> LISTED ENTRIES:
(* Let $(S^d,T^d)_{d\in\{1,\dots,D\}}$ be period counters for $N$ workers and $D$ days. Then $T^1=0$ and for all $1\le d\le D-1$: $S^d\le S^{d+1}$, $\;T^d\le T^{d+1}$, $\;T^{d+1}\le S^d$, and $\;S^{d+1}\le T^d+N$.
   Context: A schedule for $N$ workers on $D$ days is any map $f:\{n_1,\dots,n_N\}\times\{1,\dots,D\}\to\{\mathrm{ON},\mathrm{OFF}\}$. A work period of a worker is an inclusion-wise maximal set of consecutive days on which the worker is ON. Integers $(S^d,T^d)_{d\in\{1,\dots,D\}}$ are called period counters if there exists some schedule for $N$ workers on $D$ days such that for each $d$, $S^d$ is the number of work periods (over all workers) whose first day is among days $1,\dots,d$, and $T^d$ is the number of work periods whose last day is among days $1,\dots,d-1$; the counters are then said to represent that schedule. *)

theory Defs
  imports Main
begin

text \<open>A schedule for N workers (indexed 1..N) on D days (1..D) is a map
  f :: worker => day => bool (True = ON); only values on {1..N} x {1..D} matter.\<close>

type_synonym schedule = "nat \<Rightarrow> nat \<Rightarrow> bool"

definition on_block :: "schedule \<Rightarrow> nat \<Rightarrow> nat \<Rightarrow> nat set \<Rightarrow> bool" where
  "on_block f D n P \<longleftrightarrow>
     P \<noteq> {} \<and> (\<exists>a b. P = {a..b}) \<and> P \<subseteq> {1..D} \<and> (\<forall>d\<in>P. f n d)"

definition work_period :: "schedule \<Rightarrow> nat \<Rightarrow> nat \<Rightarrow> nat set \<Rightarrow> bool" where
  "work_period f D n P \<longleftrightarrow>
     on_block f D n P \<and> (\<forall>Q. on_block f D n Q \<and> P \<subseteq> Q \<longrightarrow> Q = P)"

definition work_periods :: "schedule \<Rightarrow> nat \<Rightarrow> nat \<Rightarrow> (nat \<times> nat set) set" where
  "work_periods f N D = {(n, P). n \<in> {1..N} \<and> work_period f D n P}"

definition period_counters ::
  "nat \<Rightarrow> nat \<Rightarrow> (nat \<Rightarrow> int) \<Rightarrow> (nat \<Rightarrow> int) \<Rightarrow> bool" where
  "period_counters N D S T \<longleftrightarrow>
     (\<exists>f :: schedule. \<forall>d\<in>{1..D}.
        S d = int (card {(n, P) \<in> work_periods f N D. Min P \<in> {1..d}}) \<and>
        T d = int (card {(n, P) \<in> work_periods f N D. Max P \<in> {1..d-1}}))"

end

theory Submission
  imports Defs
begin

text \<open>The counters are cardinalities of the sets of work periods started by day d
  and ended before day d, so the first three inequalities are monotonicity and
  \<open>Min P \<le> Max P\<close>. For the last one, a period started by day d+1 either ended before day d
  or is active on day d or starts on day d+1. Two such periods of the same worker overlap or
  touch, so their union is an ON block and maximality forces them to be equal; hence there are
  at most N of them.\<close>

definition started_by :: "schedule \<Rightarrow> nat \<Rightarrow> nat \<Rightarrow> nat \<Rightarrow> (nat \<times> nat set) set" where
  "started_by f N D d = {(n, P) \<in> work_periods f N D. Min P \<in> {1..d}}"

definition ended_before :: "schedule \<Rightarrow> nat \<Rightarrow> nat \<Rightarrow> nat \<Rightarrow> (nat \<times> nat set) set" where
  "ended_before f N D d = {(n, P) \<in> work_periods f N D. Max P \<in> {1..d-1}}"

lemma Min_atLeastAtMost_nat: "(a::nat) \<le> b \<Longrightarrow> Min {a..b} = a"
  by (rule Min_eqI) auto

lemma Max_atLeastAtMost_nat: "(a::nat) \<le> b \<Longrightarrow> Max {a..b} = b"
  by (rule Max_eqI) auto

lemma work_period_on_block: "work_period f D n P \<Longrightarrow> on_block f D n P"
  unfolding work_period_def by blast

lemma work_period_maximal:
  "work_period f D n P \<Longrightarrow> on_block f D n Q \<Longrightarrow> P \<subseteq> Q \<Longrightarrow> Q = P"
  unfolding work_period_def by blast

lemma work_period_interval:
  assumes "work_period f D n P"
  shows "P = {Min P..Max P}" "1 \<le> Min P" "Min P \<le> Max P" "Max P \<le> D"
proof -
  from assms have "on_block f D n P" by (rule work_period_on_block)
  then obtain a b where "P = {a..b}" "a \<le> b" "P \<subseteq> {1..D}"
    unfolding on_block_def by fastforce
  then show "P = {Min P..Max P}" "1 \<le> Min P" "Min P \<le> Max P" "Max P \<le> D"
    by (auto simp: Min_atLeastAtMost_nat Max_atLeastAtMost_nat)
qed

lemma finite_work_periods: "finite (work_periods f N D)"
proof (rule finite_subset)
  show "work_periods f N D \<subseteq> {1..N} \<times> Pow {1..D}"
    unfolding work_periods_def by (auto dest!: work_period_on_block simp: on_block_def)
qed simp

lemma finite_started_by [simp]: "finite (started_by f N D d)"
  unfolding started_by_def by (rule finite_subset[OF _ finite_work_periods]) auto

lemma finite_ended_before [simp]: "finite (ended_before f N D d)"
  unfolding ended_before_def by (rule finite_subset[OF _ finite_work_periods]) auto

lemma work_periods_touching_eq:
  assumes P: "work_period f D n P" and Q: "work_period f D n Q"
    and "Min P \<le> Max Q + 1" and "Min Q \<le> Max P + 1"
  shows "P = Q"
proof -
  note P_ivl = work_period_interval[OF P] and Q_ivl = work_period_interval[OF Q]
  have "{Min P..Max P} \<union> {Min Q..Max Q} = {min (Min P) (Min Q)..max (Max P) (Max Q)}"
    using assms(3,4) P_ivl(3) Q_ivl(3) by auto
  then have "P \<union> Q = {min (Min P) (Min Q)..max (Max P) (Max Q)}"
    by (simp only: P_ivl(1)[symmetric] Q_ivl(1)[symmetric])
  moreover have "\<forall>x \<in> P \<union> Q. f n x"
    using P Q by (auto dest!: work_period_on_block simp: on_block_def)
  ultimately have "on_block f D n (P \<union> Q)"
    using P_ivl Q_ivl unfolding on_block_def by auto
  then have "P \<union> Q = P" and "P \<union> Q = Q"
    using work_period_maximal[OF P] work_period_maximal[OF Q] by blast+
  then show ?thesis by simp
qed

lemma card_periods_touching_day_le:
  "card {(n, P) \<in> work_periods f N D. Min P \<le> d + 1 \<and> d \<le> Max P} \<le> N"
  (is "card ?A \<le> N")
proof -
  have "inj_on fst ?A"
  proof (rule inj_onI)
    fix x y
    assume "x \<in> ?A" "y \<in> ?A" "fst x = fst y"
    then obtain n P Q where xy: "x = (n, P)" "y = (n, Q)"
      and "work_period f D n P" "work_period f D n Q"
      and "Min P \<le> d + 1" "d \<le> Max P" "Min Q \<le> d + 1" "d \<le> Max Q"
      unfolding work_periods_def by (cases x, cases y) auto
    then have "P = Q"
      using work_periods_touching_eq by simp
    then show "x = y"
      using xy by simp
  qed
  moreover have "fst ` ?A \<subseteq> {1..N}"
    unfolding work_periods_def by auto
  ultimately have "card ?A \<le> card {1..N}"
    by (rule card_inj_on_le) auto
  then show ?thesis by simp
qed

lemma ended_before_1: "ended_before f N D 1 = {}"
  unfolding ended_before_def by simp

lemma card_started_by_mono:
  "d \<le> d' \<Longrightarrow> card (started_by f N D d) \<le> card (started_by f N D d')"
  by (rule card_mono[OF finite_started_by]) (auto simp: started_by_def)

lemma card_ended_before_mono:
  "d \<le> d' \<Longrightarrow> card (ended_before f N D d) \<le> card (ended_before f N D d')"
  by (rule card_mono[OF finite_ended_before]) (auto simp: ended_before_def)

lemma card_ended_before_Suc_le_started_by:
  "card (ended_before f N D (d + 1)) \<le> card (started_by f N D d)"
  by (rule card_mono[OF finite_started_by])
    (auto simp: ended_before_def started_by_def work_periods_def dest: work_period_interval)

lemma card_started_by_Suc_le:
  assumes "1 \<le> d"
  shows "card (started_by f N D (d + 1)) \<le> card (ended_before f N D d) + N"
proof -
  define A where "A = {(n, P) \<in> work_periods f N D. Min P \<le> d + 1 \<and> d \<le> Max P}"
  have "started_by f N D (d + 1) \<subseteq> ended_before f N D d \<union> A"
    using assms unfolding started_by_def ended_before_def A_def work_periods_def
    by (auto dest: work_period_interval)
  then have "card (started_by f N D (d + 1)) \<le> card (ended_before f N D d \<union> A)"
    by (rule card_mono[rotated])
      (auto simp: A_def intro: finite_subset[OF _ finite_work_periods])
  also have "\<dots> \<le> card (ended_before f N D d) + card A"
    by (rule card_Un_le)
  also have "card A \<le> N"
    unfolding A_def by (rule card_periods_touching_day_le)
  finally show ?thesis by simp
qed

theorem lemma5p4:
  fixes N D :: nat and S T :: "nat \<Rightarrow> int"
  assumes "period_counters N D S T"
  shows "(1 \<le> D \<longrightarrow> T 1 = 0) \<and>
         (\<forall>d. 1 \<le> d \<and> d \<le> D - 1 \<longrightarrow>
            S d \<le> S (d+1) \<and> T d \<le> T (d+1) \<and> T (d+1) \<le> S d \<and> S (d+1) \<le> T d + int N)"
proof -
  obtain f where counts: "\<And>d. d \<in> {1..D} \<Longrightarrow>
      S d = int (card (started_by f N D d)) \<and> T d = int (card (ended_before f N D d))"
    using assms unfolding period_counters_def started_by_def ended_before_def by blast
  have "T 1 = 0" if "1 \<le> D"
    using counts[of 1] that unfolding ended_before_1 by simp
  moreover have "S d \<le> S (d+1) \<and> T d \<le> T (d+1) \<and> T (d+1) \<le> S d \<and> S (d+1) \<le> T d + int N"
    if "1 \<le> d" "d \<le> D - 1" for d
    using counts[of d] counts[of "d + 1"] that
      card_started_by_mono[of d "d + 1" f N D] card_ended_before_mono[of d "d + 1" f N D]
      card_ended_before_Suc_le_started_by[of f N D d] card_started_by_Suc_le[of d f N D]
    by auto
  ultimately show ?thesis by blast
qed

end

> YOUR GOAL: Set down the lines of the listing word for word, from its first line through the line containing "S T \<longleftrightarrow>". Both of those lines belong in the answer, and no others do.

> SOLUTION TO THE EXERCISE:
(* Let $(S^d,T^d)_{d\in\{1,\dots,D\}}$ be period counters for $N$ workers and $D$ days. Then $T^1=0$ and for all $1\le d\le D-1$: $S^d\le S^{d+1}$, $\;T^d\le T^{d+1}$, $\;T^{d+1}\le S^d$, and $\;S^{d+1}\le T^d+N$.
   Context: A schedule for $N$ workers on $D$ days is any map $f:\{n_1,\dots,n_N\}\times\{1,\dots,D\}\to\{\mathrm{ON},\mathrm{OFF}\}$. A work period of a worker is an inclusion-wise maximal set of consecutive days on which the worker is ON. Integers $(S^d,T^d)_{d\in\{1,\dots,D\}}$ are called period counters if there exists some schedule for $N$ workers on $D$ days such that for each $d$, $S^d$ is the number of work periods (over all workers) whose first day is among days $1,\dots,d$, and $T^d$ is the number of work periods whose last day is among days $1,\dots,d-1$; the counters are then said to represent that schedule. *)

theory Defs
  imports Main
begin

text \<open>A schedule for N workers (indexed 1..N) on D days (1..D) is a map
  f :: worker => day => bool (True = ON); only values on {1..N} x {1..D} matter.\<close>

type_synonym schedule = "nat \<Rightarrow> nat \<Rightarrow> bool"

definition on_block :: "schedule \<Rightarrow> nat \<Rightarrow> nat \<Rightarrow> nat set \<Rightarrow> bool" where
  "on_block f D n P \<longleftrightarrow>
     P \<noteq> {} \<and> (\<exists>a b. P = {a..b}) \<and> P \<subseteq> {1..D} \<and> (\<forall>d\<in>P. f n d)"

definition work_period :: "schedule \<Rightarrow> nat \<Rightarrow> nat \<Rightarrow> nat set \<Rightarrow> bool" where
  "work_period f D n P \<longleftrightarrow>
     on_block f D n P \<and> (\<forall>Q. on_block f D n Q \<and> P \<subseteq> Q \<longrightarrow> Q = P)"

definition work_periods :: "schedule \<Rightarrow> nat \<Rightarrow> nat \<Rightarrow> (nat \<times> nat set) set" where
  "work_periods f N D = {(n, P). n \<in> {1..N} \<and> work_period f D n P}"

definition period_counters ::
  "nat \<Rightarrow> nat \<Rightarrow> (nat \<Rightarrow> int) \<Rightarrow> (nat \<Rightarrow> int) \<Rightarrow> bool" where
  "period_counters N D S T \<longleftrightarrow>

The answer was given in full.